Three phases are required:

  1. Trivial: to count the number of dynamic instructions in the program.
  2. Code Generation: to convert the program into an assembly-like format.
  3. Control Flow Graph: to build control flow graphs of the program.

With the development process going on, difficulty level would probably increase too. Regarding this, you'd better well-design your framework at the early stage to avoid rebuild the whole system to fit further optimizations.

The accepted language is a subset of C. The test programs that will be used to evaluate the following properties:

  • There are no pointers in the program.
  • There are no structure types in the program.
  • The only data types are integer and floating point scalars and one-dimensional integer arrays.

A set of test programs can be downloaded from here.

The compiler is written in Java. If you are not familiar with Java, please resort to the resource page.

Setup

Step I: test_prog.c --> {test_prog.adap, test_prog.adap.h}

We use lcc as our compiler's front end that converts the test programs into an intermediate form, ADAP.  ADAP is actually an abstract syntax tree (AST) whose readable form is dumped into an output file with extension .adap. For your convenience, we have already converted the test programs and from here you may download them.

Step II: {test_prog.adap, test_prog.adap.h} --> AST

Now it comes to Java. The AST_lib offers classes to transform the .adap files into internal AST representations. You'll create an instance of ProgAst using your test program's adap file name as the constructor's input parameter. Then you'll be working on the AST all the way until code generation.

Step III: AST --> test_prog.out.c

The third step is code generation which is simply done by calling the AST's method GenCode(). An output C file will be dumped with extension .out.c. Now compile the output .out.c file into an executable object file then run it on your PC, you'll see and check the outputs.

Of course you have to make every step working to see the final correct results.

An example ConstFolding.java shows the use of the parser and code generator as well as traversal and modification of an AST program tree. You can download it from here. A test input is also included: initial program is const1.c; first converted to const1.adap and const1.adap.h by lcc; then applied constant folding by ConstFolding procedure; finally the output is in const1.out.c.

You are provided with a template for the project. You can reuse the Makefile and the directory organization. Just add your own files and make small changes to the Makefile. Type make, you'll complete build, compile and run in a batch way. Check it out here and use it as a start point of your whole project.

In Detail

Phase I: Trivial

In the first phase, you need to instrument the IR and insert the following function calls into the program:

  1. Insert Init(); at the beginning of the program;
  2. Insert RecordInst(); for each statement (except return statements) in the program.

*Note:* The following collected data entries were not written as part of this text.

lemma power_recurs_multiple:
  "power_recurs S s j \<Longrightarrow> \<exists>k\<ge>1. \<forall>t\<ge>1. spow S s (j + t * k) = spow S s j"
  unfolding power_recurs_def using spow_multiple_period[OF _ order_refl] by blast

lemma power_recurs_dprod:
  assumes "power_recurs S a j" "power_recurs T b j"
  shows "power_recurs (dprod S T) (prod_encode (a, b)) j"
proof -
  obtain k1 where k1: "k1 \<ge> 1" "\<forall>t\<ge>1. spow S a (j + t * k1) = spow S a j"
    using power_recurs_multiple[OF assms(1)] by blast
  obtain k2 where k2: "k2 \<ge> 1" "\<forall>t\<ge>1. spow T b (j + t * k2) = spow T b j"
    using power_recurs_multiple[OF assms(2)] by blast
  have "spow S a (j + k2 * k1) = spow S a j" "spow T b (j + k1 * k2) = spow T b j"
    using k1 k2 by simp_all
  then have "spow (dprod S T) (prod_encode (a, b)) (j + k1 * k2)
      = spow (dprod S T) (prod_encode (a, b)) j"
    by (simp add: spow_dprod mult.commute)
  moreover have "k1 * k2 \<ge> 1"
    using k1(1) k2(1) by simp
  ultimately show ?thesis
    unfolding power_recurs_def by blast
qed

lemma pseudovariety_pv_power_recurs: "pseudovariety (pv_power_recurs j)"
  unfolding pseudovariety_def
proof (intro conjI ballI allI impI)
  show "pv_power_recurs j \<subseteq> {S. fsg S}"
    by (auto simp: pv_power_recurs_def)
  have "spow trivial_sgr 0 k = 0" for k
    by (induction k) (simp_all add: trivial_sgr_def mul_def)
  then show "trivial_sgr \<in> pv_power_recurs j"
    by (auto simp: pv_power_recurs_def power_recurs_def fsg_def trivial_sgr_def carr_def mul_def)
next
  fix S T
  assume S: "S \<in> pv_power_recurs j" and T: "T \<in> pv_power_recurs j"
  have "power_recurs (dprod S T) p j" if p: "p \<in> carr (dprod S T)" for p
  proof -
    obtain a b where "a \<in> carr S" "b \<in> carr T" "p = prod_encode (a, b)"
      using p by (auto simp: carr_dprod)
    with S T show ?thesis
      by (simp add: pv_power_recurs_def power_recurs_dprod)
  qed
  moreover have "fsg (dprod S T)"
    using S T by (simp add: pv_power_recurs_def fsg_dprod)
  ultimately show "dprod S T \<in> pv_power_recurs j"
    by (simp add: pv_power_recurs_def)
next
  fix S T
  assume S: "S \<in> pv_power_recurs j" and T: "subsgr T S"
  have "power_recurs T s j" if "s \<in> carr T" for s
  proof -
    have "s \<in> carr S"
      using T that by (auto simp: subsgr_def)
    with S have "power_recurs S s j"
      by (simp add: pv_power_recurs_def)
    then show ?thesis
      using spow_subsgr[OF T that] by (simp add: power_recurs_def)
  qed
  moreover have "fsg T"
    using T by (simp add: subsgr_def)
  ultimately show "T \<in> pv_power_recurs j"
    by (simp add: pv_power_recurs_def)
next
  fix S T
  assume S: "S \<in> pv_power_recurs j" and T: "hom_image T S"
  then obtain h where h: "h ` carr S = carr T"
    "\<forall>x\<in>carr S. \<forall>y\<in>carr S. h (mul S x y) = mul T (h x) (h y)"
    by (auto simp: hom_image_def)
  have "power_recurs T t j" if "t \<in> carr T" for t
  proof -
    obtain s where s: "s \<in> carr S" "t = h s"
      using h(1) \<open>t \<in> carr T\<close> by blast
    have "fsg S" "power_recurs S s j"
      using S s(1) by (auto simp: pv_power_recurs_def)
    then obtain k where "k \<ge> 1" "spow S s (j + k) = spow S s j"
      unfolding power_recurs_def by blast
    then show ?thesis
      using spow_hom[OF \<open>fsg S\<close> s(1) h(2)] s(2) unfolding power_recurs_def by metis
  qed
  moreover have "fsg T"
    using T by (simp add: hom_image_def)
  ultimately show "T \<in> pv_power_recurs j"
    by (simp add: pv_power_recurs_def)
qed

lemma gen_pv_least: "pseudovariety V \<Longrightarrow> S \<in> V \<Longrightarrow> gen_pv S \<subseteq> V"
  by (auto simp: gen_pv_def)

lemma in_gen_pv_self: "S \<in> gen_pv S"
  by (simp add: gen_pv_def)

lemma join_irreducible_gen_pv:
  assumes "pseudovariety (Excl S)"
  shows "join_irreducible (gen_pv S)"
  unfolding join_irreducible_def
proof (intro allI impI)
  fix X
  assume X: "\<forall>W\<in>X. pseudovariety W" and S_join: "gen_pv S \<subseteq> join_pv X"
  show "\<exists>W\<in>X. gen_pv S \<subseteq> W"
  proof (rule ccontr)
    assume "\<not> (\<exists>W\<in>X. gen_pv S \<subseteq> W)"
    then have S_notin: "S \<notin> W" if "W \<in> X" for W
      using gen_pv_least X that by blast
    have "\<Union> X \<subseteq> Excl S"
    proof
      fix T
      assume "T \<in> \<Union> X"
      then obtain W where "W \<in> X" "T \<in> W"
        by blast
      then have W: "pseudovariety W"
        using X by blast
      have "S \<notin> gen_pv T"
        using gen_pv_least[OF W \<open>T \<in> W\<close>] S_notin[OF \<open>W \<in> X\<close>] by blast
      moreover have "fsg T"
        using W \<open>T \<in> W\<close> by (auto simp: pseudovariety_def)
      ultimately show "T \<in> Excl S"
        by (simp add: Excl_def)
    qed
    then have "join_pv X \<subseteq> Excl S"
      using assms unfolding join_pv_def by blast
    then have "S \<in> Excl S"
      using S_join in_gen_pv_self by blast
    then show False
      using in_gen_pv_self by (simp add: Excl_def)
  qed
qed

subsection \<open>The semigroup \<open>N\<^sub>n\<close>\<close>

lemma fsg_N: "n \<ge> 2 \<Longrightarrow> fsg (N n)"
  unfolding fsg_def N_def carr_def mul_def by auto

lemma mul_N: "mul (N n) i j = (if i = 0 \<or> j = 0 \<or> i + j \<ge> n then 0 else i + j)"
  by (simp add: N_def mul_def)

lemma spow_N_generator: "n \<ge> 2 \<Longrightarrow> spow (N n) 1 i = (if i + 1 < n then i + 1 else 0)"
  by (induction i) (auto simp: N_def mul_def)

lemma N_notin_pv_power_recurs:
  assumes "n \<ge> 2"
  shows "N n \<notin> pv_power_recurs (n - 2)"
proof -
  have "spow (N n) 1 (n - 2 + k) \<noteq> spow (N n) 1 (n - 2)" if "k \<ge> 1" for k
    using that assms spow_N_generator[OF assms, of "n - 2 + k"] spow_N_generator[OF assms, of "n - 2"]
    by simp
  moreover have "1 \<in> carr (N n)"
    using assms by (simp add: N_def carr_def)
  ultimately show ?thesis
    by (auto simp: pv_power_recurs_def power_recurs_def)
qed

definition monogenic :: "sgr \<Rightarrow> nat \<Rightarrow> sgr" where
  "monogenic T s = (range (spow T s), mul T)"

lemma carr_monogenic: "carr (monogenic T s) = range (spow T s)"
  by (simp add: monogenic_def carr_def)

lemma mul_monogenic: "mul (monogenic T s) = mul T"
  by (simp add: monogenic_def mul_def)

lemma subsgr_monogenic:
  assumes "fsg T" "s \<in> carr T"
  shows "subsgr (monogenic T s) T"
proof -
  have sub: "carr (monogenic T s) \<subseteq> carr T"
    using spow_in_carr[OF assms] by (auto simp: carr_monogenic)
  have "fsg (monogenic T s)"
    unfolding fsg_def mul_monogenic
  proof (intro conjI)
    show "finite (carr (monogenic T s))"
      using sub assms(1) finite_subset by (auto simp: fsg_def)
    show "carr (monogenic T s) \<noteq> {}"
      by (simp add: carr_monogenic)
    show "\<forall>x\<in>carr (monogenic T s). \<forall>y\<in>carr (monogenic T s). mul T x y \<in> carr (monogenic T s)"
      by (auto simp: carr_monogenic spow_add[OF assms] simp del: spow.simps)
    show "\<forall>x\<in>carr (monogenic T s). \<forall>y\<in>carr (monogenic T s). \<forall>z\<in>carr (monogenic T s).
        mul T (mul T x y) z = mul T x (mul T y z)"
      using sub assms(1) unfolding fsg_def by blast
  qed
  with sub show ?thesis
    by (simp add: subsgr_def mul_monogenic)
qed

lemma spow_inj_if_not_power_recurs:
  assumes "\<not> power_recurs T s j" "a \<le> j" "spow T s a = spow T s b"
  shows "a = b"
proof -
  have False if "x < y" "x \<le> j" "spow T s x = spow T s y" for x y
  proof -
    have "spow T s (x + (y - x)) = spow T s x"
      using that by simp
    then have "spow T s (j + (y - x)) = spow T s j"
      using spow_shift_period that(2) by blast
    moreover have "y - x \<ge> 1"
      using that(1) by simp
    ultimately show False
      using assms(1) unfolding power_recurs_def by blast
  qed
  then show ?thesis
    using assms(2,3) by (metis le_trans less_imp_le_nat linorder_neqE_nat)
qed

text \<open>The Rees quotient: \<open>s\<^sup>k\<^sup>+\<^sup>1 \<mapsto> a\<^sup>k\<^sup>+\<^sup>1\<close> for \<open>k \<le> j = n - 2\<close>, all other powers \<open>\<mapsto> 0\<close>.\<close>

lemma hom_image_N_monogenic:
  assumes n: "n \<ge> 2" and T: "fsg T" "s \<in> carr T"
    and not_recurs: "\<not> power_recurs T s (n - 2)"
  shows "hom_image (N n) (monogenic T s)"
proof -
  define j where "j = n - 2"
  have inj: "inj_on (spow T s) {..j}"
    using spow_inj_if_not_power_recurs[OF not_recurs] by (auto simp: inj_on_def j_def)
  define h where "h x = (if x \<in> spow T s ` {..j} then Suc (the_inv_into {..j} (spow T s) x) else 0)"
    for x
  have h_spow: "h (spow T s k) = (if k \<le> j then Suc k else 0)" for k
  proof (cases "k \<le> j")
    case True
    then show ?thesis
      using the_inv_into_f_f[OF inj] by (simp add: h_def)
  next
    case False
    have "spow T s k \<notin> spow T s ` {..j}"
    proof
      assume "spow T s k \<in> spow T s ` {..j}"
      then obtain i where "i \<le> j" "spow T s i = spow T s k"
        by auto
      then show False
        using spow_inj_if_not_power_recurs[OF not_recurs] False by (auto simp: j_def)
    qed
    with False show ?thesis
      by (simp add: h_def)
  qed
  have "h ` range (spow T s) = {0..<n}"
  proof
    show "h ` range (spow T s) \<subseteq> {0..<n}"
      using n h_spow by (auto simp: j_def)
    have "x \<in> h ` range (spow T s)" if "x < n" for x
    proof (cases x)
      case 0
      then have "h (spow T s (Suc j)) = x"
        using h_spow[of "Suc j"] by simp
      then show ?thesis
        by blast
    next
      case (Suc k)
      then have "h (spow T s k) = x"
        using that h_spow[of k] by (simp add: j_def)
      then show ?thesis
        by blast
    qed
    then show "{0..<n} \<subseteq> h ` range (spow T s)"
      by auto
  qed
  moreover have "h (mul T (spow T s a) (spow T s b)) = mul (N n) (h (spow T s a)) (h (spow T s b))"
    for a b
  proof -
    have "h (mul T (spow T s a) (spow T s b)) = (if a + b + 1 \<le> j then Suc (a + b + 1) else 0)"
      using h_spow by (simp add: spow_add[OF T] del: spow.simps)
    then show ?thesis
      using n by (auto simp: h_spow j_def mul_N)
  qed
  ultimately show ?thesis
    unfolding hom_image_def carr_monogenic mul_monogenic using fsg_N[OF n]
    by (auto simp: N_def carr_def)
qed

lemma N_in_gen_pv_if_not_power_recurs:
  assumes "n \<ge> 2" "fsg T" "s \<in> carr T" "\<not> power_recurs T s (n - 2)"
  shows "N n \<in> gen_pv T"
  using subsgr_monogenic[OF assms(2,3)] hom_image_N_monogenic[OF assms]
  unfolding gen_pv_def pseudovariety_def by blast

lemma Excl_N:
  assumes "n \<ge> 2"
  shows "Excl (N n) = pv_power_recurs (n - 2)"
proof
  show "Excl (N n) \<subseteq> pv_power_recurs (n - 2)"
    using N_in_gen_pv_if_not_power_recurs[OF assms] by (auto simp: Excl_def pv_power_recurs_def)
  show "pv_power_recurs (n - 2) \<subseteq> Excl (N n)"
  proof
    fix T
    assume T: "T \<in> pv_power_recurs (n - 2)"
    then have "N n \<notin> gen_pv T"
      using gen_pv_least[OF pseudovariety_pv_power_recurs] N_notin_pv_power_recurs[OF assms]
      by blast
    with T show "T \<in> Excl (N n)"
      by (simp add: Excl_def pv_power_recurs_def)
  qed
qed

theorem theorem5p7:
  fixes n :: nat
  assumes "n \<ge> 2"
  shows "join_irreducible (gen_pv (N n)) \<and> Excl (N n) = pv_omega_plus (n - 1)"
proof
  show "join_irreducible (gen_pv (N n))"
    using join_irreducible_gen_pv Excl_N[OF assms] pseudovariety_pv_power_recurs by metis
  have "n - 1 - 1 = n - 2"
    by simp
  then show "Excl (N n) = pv_omega_plus (n - 1)"
    using Excl_N[OF assms] pv_omega_plus_eq_pv_power_recurs[of "n - 1"] assms by simp
qed

end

For example, the following code fragment

    ...
    a = a + 1;
    foo(a);
    ...

should be transformed to

    ...
    RecordInst();
    a = a + 1;
    RecordInst();
    foo(a);
    ...

  1. Insert Report(); at each exit of the program.

You also need to implement functions Init(), RecordInst(), and Report() and make them part of the program. They maintain a global counter that records the number of dynamic instructions (statements in case of PHASE I) in the program. Init() sets the counter to zero. Each time RecordInst() is called, the counter is incremented by one. Finally, Report() prints the total number of instructions (statements) executed to the standard output. An example of instrumented programs (without the implementation of the functions) can be downloaded from here. Except for recording and reporting number of instructions executed, the instrumented program should behave exactly the same as the original program. Make sure that there is no possibility of name conflicts among variables. However, I would not mind if you do not ensure their uniqueness in the C code, since the names were given by me. However, other than these three functions you need to make sure that none of the entities that you add to the code conflicts with any other variable or function name in the code. Here are my test programs after code generation (PHASE II) and instrumentation. At this stage, you may ignore the extra statements and variables generated in them. You need to learn how to use the provided front-end and back-end tools, how to traverse and manipulate the AST tree before start working on the instrumentation. This will also prepare you for the later phases.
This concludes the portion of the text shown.